Work task –
Produce a copy of every line in the records that holds the string "card".

Entries shown –
----------------

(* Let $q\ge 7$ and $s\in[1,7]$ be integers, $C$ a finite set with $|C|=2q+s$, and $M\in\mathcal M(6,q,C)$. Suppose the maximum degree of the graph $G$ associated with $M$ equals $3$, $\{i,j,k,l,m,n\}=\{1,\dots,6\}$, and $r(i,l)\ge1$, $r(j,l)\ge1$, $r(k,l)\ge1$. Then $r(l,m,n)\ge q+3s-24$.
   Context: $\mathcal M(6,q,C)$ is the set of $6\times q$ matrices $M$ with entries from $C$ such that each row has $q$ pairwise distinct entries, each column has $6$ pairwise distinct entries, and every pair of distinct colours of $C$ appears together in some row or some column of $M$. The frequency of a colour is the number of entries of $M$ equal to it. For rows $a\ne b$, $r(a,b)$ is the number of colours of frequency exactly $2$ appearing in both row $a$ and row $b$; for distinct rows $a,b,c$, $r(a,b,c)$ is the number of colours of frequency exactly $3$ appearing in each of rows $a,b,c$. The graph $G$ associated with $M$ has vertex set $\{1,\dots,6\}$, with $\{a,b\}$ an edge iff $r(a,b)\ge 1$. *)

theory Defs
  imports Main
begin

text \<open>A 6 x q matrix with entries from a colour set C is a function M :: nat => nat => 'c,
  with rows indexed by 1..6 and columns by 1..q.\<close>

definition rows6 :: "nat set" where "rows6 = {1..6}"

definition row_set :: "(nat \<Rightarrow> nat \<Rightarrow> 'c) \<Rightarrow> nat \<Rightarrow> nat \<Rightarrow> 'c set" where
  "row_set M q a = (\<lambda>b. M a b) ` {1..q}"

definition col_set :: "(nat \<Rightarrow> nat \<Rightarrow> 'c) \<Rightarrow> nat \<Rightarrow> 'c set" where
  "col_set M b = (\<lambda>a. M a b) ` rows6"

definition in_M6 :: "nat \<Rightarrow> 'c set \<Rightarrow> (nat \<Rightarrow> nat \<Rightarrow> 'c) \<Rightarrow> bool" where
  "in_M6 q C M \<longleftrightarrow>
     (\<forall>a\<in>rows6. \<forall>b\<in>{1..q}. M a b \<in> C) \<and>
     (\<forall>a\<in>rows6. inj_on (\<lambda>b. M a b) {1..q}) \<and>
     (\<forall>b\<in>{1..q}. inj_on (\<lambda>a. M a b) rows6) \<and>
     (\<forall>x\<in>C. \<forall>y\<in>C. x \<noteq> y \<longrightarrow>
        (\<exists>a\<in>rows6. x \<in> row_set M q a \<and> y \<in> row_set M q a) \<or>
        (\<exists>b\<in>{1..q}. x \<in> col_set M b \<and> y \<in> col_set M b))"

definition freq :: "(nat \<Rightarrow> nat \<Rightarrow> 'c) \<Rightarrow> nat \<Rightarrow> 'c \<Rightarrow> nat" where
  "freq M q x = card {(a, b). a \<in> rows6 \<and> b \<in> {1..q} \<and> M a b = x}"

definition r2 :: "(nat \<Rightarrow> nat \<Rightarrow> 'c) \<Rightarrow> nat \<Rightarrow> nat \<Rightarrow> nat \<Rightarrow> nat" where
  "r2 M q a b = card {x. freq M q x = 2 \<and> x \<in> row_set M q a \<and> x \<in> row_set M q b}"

----------------

Exercise answer –
  "freq M q x = card {(a, b). a \<in> rows6 \<and> b \<in> {1..q} \<and> M a b = x}"
  "r2 M q a b = card {x. freq M q x = 2 \<and> x \<in> row_set M q a \<and> x \<in> row_set M q b}"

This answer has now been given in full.